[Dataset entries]
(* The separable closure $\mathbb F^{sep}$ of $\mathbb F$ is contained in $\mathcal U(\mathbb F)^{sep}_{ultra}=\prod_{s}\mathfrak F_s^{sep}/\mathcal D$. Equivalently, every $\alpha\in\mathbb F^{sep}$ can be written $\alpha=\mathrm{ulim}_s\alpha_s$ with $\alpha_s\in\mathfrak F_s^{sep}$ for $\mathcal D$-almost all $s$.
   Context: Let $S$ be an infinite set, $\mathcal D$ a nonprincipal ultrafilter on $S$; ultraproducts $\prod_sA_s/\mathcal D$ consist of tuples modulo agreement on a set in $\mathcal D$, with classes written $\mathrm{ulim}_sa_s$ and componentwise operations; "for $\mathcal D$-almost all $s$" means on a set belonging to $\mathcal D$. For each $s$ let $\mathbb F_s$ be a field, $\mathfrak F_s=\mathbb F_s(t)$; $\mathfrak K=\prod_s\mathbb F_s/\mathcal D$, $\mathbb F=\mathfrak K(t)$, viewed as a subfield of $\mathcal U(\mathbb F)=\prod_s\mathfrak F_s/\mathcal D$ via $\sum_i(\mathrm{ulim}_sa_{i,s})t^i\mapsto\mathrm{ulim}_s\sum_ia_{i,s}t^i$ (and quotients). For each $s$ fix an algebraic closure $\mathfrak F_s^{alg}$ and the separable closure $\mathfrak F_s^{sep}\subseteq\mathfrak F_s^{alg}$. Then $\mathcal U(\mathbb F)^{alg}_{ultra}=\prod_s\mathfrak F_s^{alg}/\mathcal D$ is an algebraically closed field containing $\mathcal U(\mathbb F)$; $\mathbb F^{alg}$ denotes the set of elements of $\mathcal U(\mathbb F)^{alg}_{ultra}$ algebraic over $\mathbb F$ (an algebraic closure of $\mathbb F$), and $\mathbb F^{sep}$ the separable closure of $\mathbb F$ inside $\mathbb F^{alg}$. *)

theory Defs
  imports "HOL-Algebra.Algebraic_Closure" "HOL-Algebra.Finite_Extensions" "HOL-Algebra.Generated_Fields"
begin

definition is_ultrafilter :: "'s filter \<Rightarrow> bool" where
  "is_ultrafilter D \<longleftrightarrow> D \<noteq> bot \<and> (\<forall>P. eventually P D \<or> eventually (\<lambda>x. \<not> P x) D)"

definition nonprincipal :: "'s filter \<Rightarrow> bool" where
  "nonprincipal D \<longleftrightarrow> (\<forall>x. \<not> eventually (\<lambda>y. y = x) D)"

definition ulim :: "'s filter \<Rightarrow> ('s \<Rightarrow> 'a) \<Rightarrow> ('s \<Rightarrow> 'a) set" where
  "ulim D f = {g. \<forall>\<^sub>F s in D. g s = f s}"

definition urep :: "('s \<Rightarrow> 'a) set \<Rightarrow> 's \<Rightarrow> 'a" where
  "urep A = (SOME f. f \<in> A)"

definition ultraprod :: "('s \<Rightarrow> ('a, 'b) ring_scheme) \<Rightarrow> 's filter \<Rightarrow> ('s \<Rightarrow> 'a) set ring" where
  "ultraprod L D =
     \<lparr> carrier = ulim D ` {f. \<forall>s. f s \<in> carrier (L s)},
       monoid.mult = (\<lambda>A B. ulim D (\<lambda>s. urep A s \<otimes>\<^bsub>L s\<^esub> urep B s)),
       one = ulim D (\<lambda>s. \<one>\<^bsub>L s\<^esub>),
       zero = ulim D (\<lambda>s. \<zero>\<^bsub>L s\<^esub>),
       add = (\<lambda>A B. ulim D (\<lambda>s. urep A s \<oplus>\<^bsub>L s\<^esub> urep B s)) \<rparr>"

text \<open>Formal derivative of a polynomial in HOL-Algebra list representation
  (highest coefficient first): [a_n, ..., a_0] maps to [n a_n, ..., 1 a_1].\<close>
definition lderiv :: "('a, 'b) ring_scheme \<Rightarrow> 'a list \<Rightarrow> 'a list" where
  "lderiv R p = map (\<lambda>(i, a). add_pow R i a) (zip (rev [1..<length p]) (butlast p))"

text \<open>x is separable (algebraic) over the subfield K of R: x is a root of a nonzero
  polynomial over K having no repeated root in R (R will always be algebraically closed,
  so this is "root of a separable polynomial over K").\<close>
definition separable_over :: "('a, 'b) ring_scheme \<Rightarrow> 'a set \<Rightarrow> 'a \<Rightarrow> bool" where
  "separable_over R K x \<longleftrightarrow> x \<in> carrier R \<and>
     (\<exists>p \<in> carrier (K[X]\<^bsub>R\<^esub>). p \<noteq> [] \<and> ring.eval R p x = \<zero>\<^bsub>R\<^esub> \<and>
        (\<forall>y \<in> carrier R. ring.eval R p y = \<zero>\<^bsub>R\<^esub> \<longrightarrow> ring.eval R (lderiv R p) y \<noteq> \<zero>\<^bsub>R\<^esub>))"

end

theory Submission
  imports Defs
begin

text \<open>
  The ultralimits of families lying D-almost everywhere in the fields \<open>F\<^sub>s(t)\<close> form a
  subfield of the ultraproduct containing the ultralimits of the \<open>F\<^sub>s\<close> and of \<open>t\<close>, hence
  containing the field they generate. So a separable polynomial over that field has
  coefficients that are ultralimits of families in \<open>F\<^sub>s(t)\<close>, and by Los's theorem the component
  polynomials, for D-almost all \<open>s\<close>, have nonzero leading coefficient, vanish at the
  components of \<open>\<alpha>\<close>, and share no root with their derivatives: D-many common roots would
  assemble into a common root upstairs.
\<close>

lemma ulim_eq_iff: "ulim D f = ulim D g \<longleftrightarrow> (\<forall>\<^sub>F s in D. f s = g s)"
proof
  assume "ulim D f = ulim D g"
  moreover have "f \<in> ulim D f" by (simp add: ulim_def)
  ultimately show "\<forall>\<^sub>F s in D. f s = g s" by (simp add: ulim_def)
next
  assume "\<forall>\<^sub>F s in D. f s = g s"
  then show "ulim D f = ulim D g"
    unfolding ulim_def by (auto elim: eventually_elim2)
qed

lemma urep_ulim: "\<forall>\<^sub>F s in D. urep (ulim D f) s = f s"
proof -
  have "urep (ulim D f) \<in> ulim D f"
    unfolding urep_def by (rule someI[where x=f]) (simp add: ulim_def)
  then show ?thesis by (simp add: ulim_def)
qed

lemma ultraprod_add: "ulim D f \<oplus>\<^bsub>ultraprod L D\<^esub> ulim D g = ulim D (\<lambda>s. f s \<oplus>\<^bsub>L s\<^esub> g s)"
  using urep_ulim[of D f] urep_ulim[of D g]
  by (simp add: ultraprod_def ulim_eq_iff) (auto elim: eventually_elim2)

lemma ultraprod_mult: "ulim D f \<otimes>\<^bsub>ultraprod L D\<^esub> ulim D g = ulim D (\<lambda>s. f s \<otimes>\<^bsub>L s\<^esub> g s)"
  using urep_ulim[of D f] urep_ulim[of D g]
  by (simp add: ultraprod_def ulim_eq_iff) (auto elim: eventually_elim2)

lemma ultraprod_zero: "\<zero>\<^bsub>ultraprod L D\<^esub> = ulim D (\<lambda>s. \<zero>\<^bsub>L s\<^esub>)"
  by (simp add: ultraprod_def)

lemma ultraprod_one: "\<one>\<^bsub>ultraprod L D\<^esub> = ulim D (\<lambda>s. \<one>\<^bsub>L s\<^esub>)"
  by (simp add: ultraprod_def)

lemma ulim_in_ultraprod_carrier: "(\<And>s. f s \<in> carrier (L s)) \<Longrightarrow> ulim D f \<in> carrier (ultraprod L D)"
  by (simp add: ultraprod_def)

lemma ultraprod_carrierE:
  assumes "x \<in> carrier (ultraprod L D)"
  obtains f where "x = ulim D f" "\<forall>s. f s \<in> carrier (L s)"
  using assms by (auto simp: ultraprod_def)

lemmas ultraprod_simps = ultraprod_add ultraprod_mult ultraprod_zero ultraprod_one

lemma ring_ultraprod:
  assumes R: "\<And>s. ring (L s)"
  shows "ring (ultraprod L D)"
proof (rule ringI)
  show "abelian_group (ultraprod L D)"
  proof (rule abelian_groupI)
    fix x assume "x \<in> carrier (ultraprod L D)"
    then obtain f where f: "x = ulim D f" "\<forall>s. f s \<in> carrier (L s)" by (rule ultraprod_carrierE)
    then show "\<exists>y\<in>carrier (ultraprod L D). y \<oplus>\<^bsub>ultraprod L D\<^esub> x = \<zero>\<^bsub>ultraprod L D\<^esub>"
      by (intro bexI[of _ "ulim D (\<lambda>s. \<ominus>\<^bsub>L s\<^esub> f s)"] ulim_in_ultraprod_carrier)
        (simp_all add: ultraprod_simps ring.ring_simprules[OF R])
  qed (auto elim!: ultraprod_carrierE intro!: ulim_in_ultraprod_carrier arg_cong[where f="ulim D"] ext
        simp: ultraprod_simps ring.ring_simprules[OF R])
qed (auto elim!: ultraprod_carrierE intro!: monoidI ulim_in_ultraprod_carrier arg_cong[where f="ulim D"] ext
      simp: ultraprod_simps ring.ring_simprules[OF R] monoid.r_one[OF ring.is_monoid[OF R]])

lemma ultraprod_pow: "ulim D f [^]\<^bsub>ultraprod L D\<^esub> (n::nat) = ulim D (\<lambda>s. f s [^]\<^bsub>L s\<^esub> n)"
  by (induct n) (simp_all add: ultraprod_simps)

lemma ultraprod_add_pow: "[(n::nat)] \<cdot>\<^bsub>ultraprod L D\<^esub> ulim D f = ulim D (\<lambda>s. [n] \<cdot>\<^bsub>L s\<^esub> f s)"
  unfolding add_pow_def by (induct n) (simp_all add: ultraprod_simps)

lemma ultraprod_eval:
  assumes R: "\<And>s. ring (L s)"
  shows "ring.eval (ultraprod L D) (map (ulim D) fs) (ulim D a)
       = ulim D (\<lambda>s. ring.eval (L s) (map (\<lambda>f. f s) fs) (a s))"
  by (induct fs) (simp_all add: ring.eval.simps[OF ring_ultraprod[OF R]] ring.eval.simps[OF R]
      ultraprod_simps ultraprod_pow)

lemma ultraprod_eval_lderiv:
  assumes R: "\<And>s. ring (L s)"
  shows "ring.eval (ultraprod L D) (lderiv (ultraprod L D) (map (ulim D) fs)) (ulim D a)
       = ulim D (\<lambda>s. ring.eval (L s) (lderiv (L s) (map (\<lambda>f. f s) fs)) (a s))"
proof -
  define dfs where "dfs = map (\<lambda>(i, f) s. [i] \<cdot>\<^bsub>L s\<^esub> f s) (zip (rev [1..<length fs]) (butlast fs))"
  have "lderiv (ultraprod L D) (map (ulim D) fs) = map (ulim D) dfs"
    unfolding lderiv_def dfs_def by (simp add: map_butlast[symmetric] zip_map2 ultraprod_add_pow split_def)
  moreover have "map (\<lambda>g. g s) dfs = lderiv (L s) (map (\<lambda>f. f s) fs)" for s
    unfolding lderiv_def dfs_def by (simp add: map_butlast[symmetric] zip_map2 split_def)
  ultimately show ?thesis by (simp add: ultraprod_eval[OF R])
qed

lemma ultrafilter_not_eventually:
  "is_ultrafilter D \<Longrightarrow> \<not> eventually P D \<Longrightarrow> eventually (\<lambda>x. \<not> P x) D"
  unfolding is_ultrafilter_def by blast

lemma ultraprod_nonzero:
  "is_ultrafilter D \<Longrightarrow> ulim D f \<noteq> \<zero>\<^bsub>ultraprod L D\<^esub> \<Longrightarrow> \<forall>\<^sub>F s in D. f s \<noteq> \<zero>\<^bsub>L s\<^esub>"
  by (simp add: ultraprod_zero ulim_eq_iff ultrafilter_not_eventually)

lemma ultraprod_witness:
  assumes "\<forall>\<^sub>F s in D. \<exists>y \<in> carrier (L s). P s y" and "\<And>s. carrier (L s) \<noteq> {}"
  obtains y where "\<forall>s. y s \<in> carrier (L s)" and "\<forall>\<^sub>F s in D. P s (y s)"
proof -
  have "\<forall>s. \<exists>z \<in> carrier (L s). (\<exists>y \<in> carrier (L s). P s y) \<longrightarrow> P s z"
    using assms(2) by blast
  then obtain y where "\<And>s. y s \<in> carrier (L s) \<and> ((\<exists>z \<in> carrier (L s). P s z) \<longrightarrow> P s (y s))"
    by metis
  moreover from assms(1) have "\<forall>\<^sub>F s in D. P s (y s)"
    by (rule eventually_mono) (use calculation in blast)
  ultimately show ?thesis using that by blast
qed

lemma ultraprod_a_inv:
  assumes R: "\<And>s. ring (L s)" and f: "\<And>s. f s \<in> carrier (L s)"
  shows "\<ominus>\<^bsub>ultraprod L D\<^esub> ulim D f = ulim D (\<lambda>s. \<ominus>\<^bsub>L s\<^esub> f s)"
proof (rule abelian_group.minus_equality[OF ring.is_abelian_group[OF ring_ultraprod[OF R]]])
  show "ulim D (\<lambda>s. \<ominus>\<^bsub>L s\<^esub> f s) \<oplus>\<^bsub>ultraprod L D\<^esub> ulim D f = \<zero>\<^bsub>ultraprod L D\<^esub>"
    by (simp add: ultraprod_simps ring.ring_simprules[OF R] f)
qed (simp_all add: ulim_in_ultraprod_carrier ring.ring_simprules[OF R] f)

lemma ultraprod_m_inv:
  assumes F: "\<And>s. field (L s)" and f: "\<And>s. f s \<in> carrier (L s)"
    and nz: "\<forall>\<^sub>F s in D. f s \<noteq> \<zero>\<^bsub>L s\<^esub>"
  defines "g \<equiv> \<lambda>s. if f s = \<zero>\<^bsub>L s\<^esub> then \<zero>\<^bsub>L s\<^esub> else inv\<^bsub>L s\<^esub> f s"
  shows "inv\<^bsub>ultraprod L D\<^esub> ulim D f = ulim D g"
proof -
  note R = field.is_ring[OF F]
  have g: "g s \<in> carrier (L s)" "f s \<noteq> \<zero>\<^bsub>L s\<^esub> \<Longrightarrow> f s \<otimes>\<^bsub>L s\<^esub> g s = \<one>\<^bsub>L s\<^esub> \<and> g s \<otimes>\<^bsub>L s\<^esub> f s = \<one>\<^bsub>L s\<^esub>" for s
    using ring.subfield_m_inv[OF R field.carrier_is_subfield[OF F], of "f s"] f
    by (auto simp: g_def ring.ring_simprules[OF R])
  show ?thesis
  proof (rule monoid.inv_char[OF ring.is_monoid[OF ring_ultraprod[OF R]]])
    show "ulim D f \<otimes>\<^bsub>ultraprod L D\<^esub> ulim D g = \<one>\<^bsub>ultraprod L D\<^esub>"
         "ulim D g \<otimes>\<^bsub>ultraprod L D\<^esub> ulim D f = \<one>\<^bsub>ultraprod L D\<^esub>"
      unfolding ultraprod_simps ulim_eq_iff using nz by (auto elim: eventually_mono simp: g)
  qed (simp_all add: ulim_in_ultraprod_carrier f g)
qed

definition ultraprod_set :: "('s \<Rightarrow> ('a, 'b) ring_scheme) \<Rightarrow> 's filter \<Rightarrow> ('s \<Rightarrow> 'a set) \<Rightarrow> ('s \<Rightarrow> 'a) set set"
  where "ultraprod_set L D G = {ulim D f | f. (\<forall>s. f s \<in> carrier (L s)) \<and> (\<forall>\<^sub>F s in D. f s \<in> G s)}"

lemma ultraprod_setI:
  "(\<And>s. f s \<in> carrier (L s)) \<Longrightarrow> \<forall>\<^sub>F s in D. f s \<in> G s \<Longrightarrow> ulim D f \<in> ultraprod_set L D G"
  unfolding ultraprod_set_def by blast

— Problem description —
Lines with the word "elim": copy each one from the data above.

— Your solution —
    unfolding ulim_def by (auto elim: eventually_elim2)
  by (simp add: ultraprod_def ulim_eq_iff) (auto elim: eventually_elim2)
  by (simp add: ultraprod_def ulim_eq_iff) (auto elim: eventually_elim2)
  qed (auto elim!: ultraprod_carrierE intro!: ulim_in_ultraprod_carrier arg_cong[where f="ulim D"] ext
qed (auto elim!: ultraprod_carrierE intro!: monoidI ulim_in_ultraprod_carrier arg_cong[where f="ulim D"] ext
      unfolding ultraprod_simps ulim_eq_iff using nz by (auto elim: eventually_mono simp: g)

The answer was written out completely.